Problem statement:
Write the entries out exactly, with the final line being the one containing "by (simp add: inner_add_left".

----- Data provided

lemma Y_lim: "Y \<longlonglongrightarrow> 0"
proof -
  have "(\<lambda>i. (2 * pi * real_of_int (m i) * (h i)\<^sup>2 / \<epsilon> i) * (\<epsilon> i / h i) / (2 * pi)) \<longlonglongrightarrow> \<omega> * 0 / (2 * pi)"
    by (intro tendsto_intros omega_lim eps_h_lim) simp
  moreover have "(2 * pi * real_of_int (m i) * (h i)\<^sup>2 / \<epsilon> i) * (\<epsilon> i / h i) / (2 * pi) = Y i" for i
    using h_pos[of i] eps_pos[of i] by (simp add: Y_def field_simps power2_eq_square)
  ultimately show ?thesis by simp
qed

lemma X_Y_sphere: "((X i)\<^sup>2 + (Y i)\<^sup>2) * (inorm v)\<^sup>2 = 1"
proof -
  have "(h i * inorm (k i))\<^sup>2 = 1" using k_norm[of i] h_pos[of i] by simp
  also have "(h i * inorm (k i))\<^sup>2 = (h i *\<^sub>R ivec (k i)) \<bullet> (h i *\<^sub>R ivec (k i))"
    unfolding power_mult_distrib inorm_power2 by (simp add: power2_eq_square)
  finally show ?thesis
    unfolding scaled_k
    by (simp add: inner_add_left inner_add_right inner_ivec_rot_self inner_commute[of "ivec (rot v)"]
        inorm_power2[symmetric] inorm_rot power2_eq_square algebra_simps)
qed

lemma abs_X_le: "\<bar>X i\<bar> \<le> 1 / inorm v"
proof -
  have "(X i * inorm v)\<^sup>2 = 1 - (Y i * inorm v)\<^sup>2"
    using X_Y_sphere[of i] by (simp add: power_mult_distrib algebra_simps)
  then have "\<bar>X i * inorm v\<bar> \<le> 1" using abs_square_le_1 by fastforce
  then show ?thesis using inorm_v_pos by (simp add: abs_mult field_simps)
qed

lemma X_Y_lim: "(\<lambda>i. X i * Y i) \<longlonglongrightarrow> 0"
proof (rule Lim_null_comparison)
  show "\<forall>\<^sub>F i in sequentially. norm (X i * Y i) \<le> 1 / inorm v * \<bar>Y i\<bar>"
    by (intro always_eventually allI)
       (use mult_right_mono[OF abs_X_le abs_ge_zero] in \<open>simp add: abs_mult\<close>)
  show "(\<lambda>i. 1 / inorm v * \<bar>Y i\<bar>) \<longlonglongrightarrow> 0"
    by (rule tendsto_mult_right_zero[OF tendsto_rabs_zero[OF Y_lim]])
qed

lemma inner_scaled_k_power2_lim:
  "(\<lambda>i. (h i * (ivec (k i) \<bullet> u))\<^sup>2) \<longlonglongrightarrow> (ivec v \<bullet> u)\<^sup>2 / (inorm v)\<^sup>2"
proof -
  define p q where "p = ivec v \<bullet> u" and "q = ivec (rot v) \<bullet> u"
  have expand: "(h i * (ivec (k i) \<bullet> u))\<^sup>2
      = p\<^sup>2 / (inorm v)\<^sup>2 + 2 * p * q * (X i * Y i) + (q\<^sup>2 - p\<^sup>2) * (Y i)\<^sup>2" for i
  proof -
    have "h i * (ivec (k i) \<bullet> u) = X i * p + Y i * q"
      using arg_cong[OF scaled_k[of i], of "\<lambda>z. z \<bullet> u"] by (simp add: p_def q_def inner_add_left)
    then have "(h i * (ivec (k i) \<bullet> u))\<^sup>2
        = p\<^sup>2 * ((X i)\<^sup>2 + (Y i)\<^sup>2) + 2 * p * q * (X i * Y i) + (q\<^sup>2 - p\<^sup>2) * (Y i)\<^sup>2"
      by (simp add: power2_eq_square algebra_simps)
    moreover have "(X i)\<^sup>2 + (Y i)\<^sup>2 = 1 / (inorm v)\<^sup>2"
      using X_Y_sphere[of i] inorm_v_pos by (simp add: field_simps)
    ultimately show ?thesis by simp
  qed
  have "(\<lambda>i. p\<^sup>2 / (inorm v)\<^sup>2 + 2 * p * q * (X i * Y i) + (q\<^sup>2 - p\<^sup>2) * (Y i)\<^sup>2)
      \<longlonglongrightarrow> p\<^sup>2 / (inorm v)\<^sup>2 + 2 * p * q * 0 + (q\<^sup>2 - p\<^sup>2) * 0\<^sup>2"
    by (intro tendsto_intros X_Y_lim Y_lim)
  then show ?thesis unfolding expand p_def by simp
qed

lemma eta_rot_eq: "eta (h i) (\<epsilon> i) (rot v) (k i) = 2 * pi * real_of_int (m i) * (h i)\<^sup>2 / \<epsilon> i * Llen v"
proof -
  have "ivec (k i) \<bullet> ivec (rot v) = real_of_int (m i) * (inorm v)\<^sup>2"
    unfolding inorm_power2 by (simp add: k_def lcomb_def rot_def ivec_def algebra_simps)
  then show ?thesis using inorm_v_pos
    by (simp add: eta_def Hfun_def Llen_def inorm_rot power2_eq_square)
qed

lemma eta_rot_lim: "(\<lambda>i. eta (h i) (\<epsilon> i) (rot v) (k i)) \<longlonglongrightarrow> \<omega> * Llen v"
  unfolding eta_rot_eq by (intro tendsto_intros omega_lim)

(* h k . u stays away from 0, so eta is of the order of h / eps. *)
lemma abs_eta_at_top:
  assumes uv: "ivec u \<bullet> ivec v \<noteq> 0"
  shows "filterlim (\<lambda>i. \<bar>eta (h i) (\<epsilon> i) u (k i)\<bar>) at_top sequentially"
proof -
  have "u \<noteq> 0" using uv by (auto simp: ivec_def)
  then have Lu: "inorm u > 0" by (rule inorm_pos)
  have eta_eq: "\<bar>eta (h i) (\<epsilon> i) u (k i)\<bar>
      = (2 * pi / inorm u * \<bar>h i * (ivec (k i) \<bullet> ivec u)\<bar>) * inverse (\<epsilon> i / h i)" for i
    using h_pos[of i] eps_pos[of i] Lu by (simp add: eta_def Hfun_def Llen_def abs_mult field_simps)
  have "(\<lambda>i. sqrt ((h i * (ivec (k i) \<bullet> ivec u))\<^sup>2)) \<longlonglongrightarrow> sqrt ((ivec v \<bullet> ivec u)\<^sup>2 / (inorm v)\<^sup>2)"
    by (intro tendsto_real_sqrt inner_scaled_k_power2_lim)
  then have "(\<lambda>i. 2 * pi / inorm u * \<bar>h i * (ivec (k i) \<bullet> ivec u)\<bar>)
      \<longlonglongrightarrow> 2 * pi / inorm u * sqrt ((ivec v \<bullet> ivec u)\<^sup>2 / (inorm v)\<^sup>2)"
    by (intro tendsto_intros) simp
  moreover have "2 * pi / inorm u * sqrt ((ivec v \<bullet> ivec u)\<^sup>2 / (inorm v)\<^sup>2) > 0"
    using Lu inorm_v_pos uv by (simp add: inner_commute)
  moreover have "filterlim (\<lambda>i. inverse (\<epsilon> i / h i)) at_top sequentially"
    by (rule filterlim_inverse_at_top[OF eps_h_lim]) (use h_pos eps_pos in simp)
  ultimately show ?thesis
    unfolding eta_eq by (rule filterlim_tendsto_pos_mult_at_top)
qed

end

lemma test_fun_eventually_vanishes:
  assumes "test_fun a" and "filterlim (\<lambda>i. \<bar>g i\<bar>) at_top F"
  shows "\<forall>\<^sub>F i in F. \<forall>x. a x (g i) = 0"
proof -
  obtain R where R: "\<And>x \<eta>. R < \<bar>\<eta>\<bar> \<Longrightarrow> a x \<eta> = 0"
    using assms(1) unfolding test_fun_def by blast
  from assms(2) have "\<forall>\<^sub>F i in F. R < \<bar>g i\<bar>"
    unfolding filterlim_at_top_dense by blast
  then show ?thesis by (rule eventually_mono) (use R in blast)
qed

lemma eventually_inner_diff_nonzero:
  assumes K: "scaled_lattice_seq h \<epsilon> v1 n1 m1 k \<omega>1" and L: "scaled_lattice_seq h \<epsilon> v2 n2 m2 l \<omega>2"
    and ne: "v2 \<noteq> v1" "v2 \<noteq> - v1"
  shows "\<forall>\<^sub>F i in sequentially. ivec (k i - l i) \<bullet> ivec v1 \<noteq> 0"
proof -
  interpret K: scaled_lattice_seq h \<epsilon> v1 n1 m1 k \<omega>1 by (rule K)
  interpret L: scaled_lattice_seq h \<epsilon> v2 n2 m2 l \<omega>2 by (rule L)
  have lim: "(\<lambda>i. (h i * (ivec (k i) \<bullet> ivec v1))\<^sup>2 - (h i * (ivec (l i) \<bullet> ivec v1))\<^sup>2)
      \<longlonglongrightarrow> (ivec v1 \<bullet> ivec v1)\<^sup>2 / (inorm v1)\<^sup>2 - (ivec v2 \<bullet> ivec v1)\<^sup>2 / (inorm v2)\<^sup>2"
    by (intro tendsto_diff K.inner_scaled_k_power2_lim L.inner_scaled_k_power2_lim)
  have "(ivec v2 \<bullet> ivec v1)\<^sup>2 / (inorm v2)\<^sup>2 < (ivec v1 \<bullet> ivec v1)\<^sup>2 / (inorm v1)\<^sup>2"
    using primitive_inner_power2_less[OF K.v L.v ne] K.inorm_v_pos L.inorm_v_pos
    by (simp add: inorm_power2[symmetric] field_simps power2_eq_square)
  then have "\<forall>\<^sub>F i in sequentially.
      0 < (h i * (ivec (k i) \<bullet> ivec v1))\<^sup>2 - (h i * (ivec (l i) \<bullet> ivec v1))\<^sup>2"
    using order_tendstoD(1)[OF lim, of 0] by simp
  then show ?thesis
    by (rule eventually_mono) (auto simp: ivec_diff inner_diff_left)
qed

----------

Expected answer:
lemma Y_lim: "Y \<longlonglongrightarrow> 0"
proof -
  have "(\<lambda>i. (2 * pi * real_of_int (m i) * (h i)\<^sup>2 / \<epsilon> i) * (\<epsilon> i / h i) / (2 * pi)) \<longlonglongrightarrow> \<omega> * 0 / (2 * pi)"
    by (intro tendsto_intros omega_lim eps_h_lim) simp
  moreover have "(2 * pi * real_of_int (m i) * (h i)\<^sup>2 / \<epsilon> i) * (\<epsilon> i / h i) / (2 * pi) = Y i" for i
    using h_pos[of i] eps_pos[of i] by (simp add: Y_def field_simps power2_eq_square)
  ultimately show ?thesis by simp
qed

lemma X_Y_sphere: "((X i)\<^sup>2 + (Y i)\<^sup>2) * (inorm v)\<^sup>2 = 1"
proof -
  have "(h i * inorm (k i))\<^sup>2 = 1" using k_norm[of i] h_pos[of i] by simp
  also have "(h i * inorm (k i))\<^sup>2 = (h i *\<^sub>R ivec (k i)) \<bullet> (h i *\<^sub>R ivec (k i))"
    unfolding power_mult_distrib inorm_power2 by (simp add: power2_eq_square)
  finally show ?thesis
    unfolding scaled_k
    by (simp add: inner_add_left inner_add_right inner_ivec_rot_self inner_commute[of "ivec (rot v)"]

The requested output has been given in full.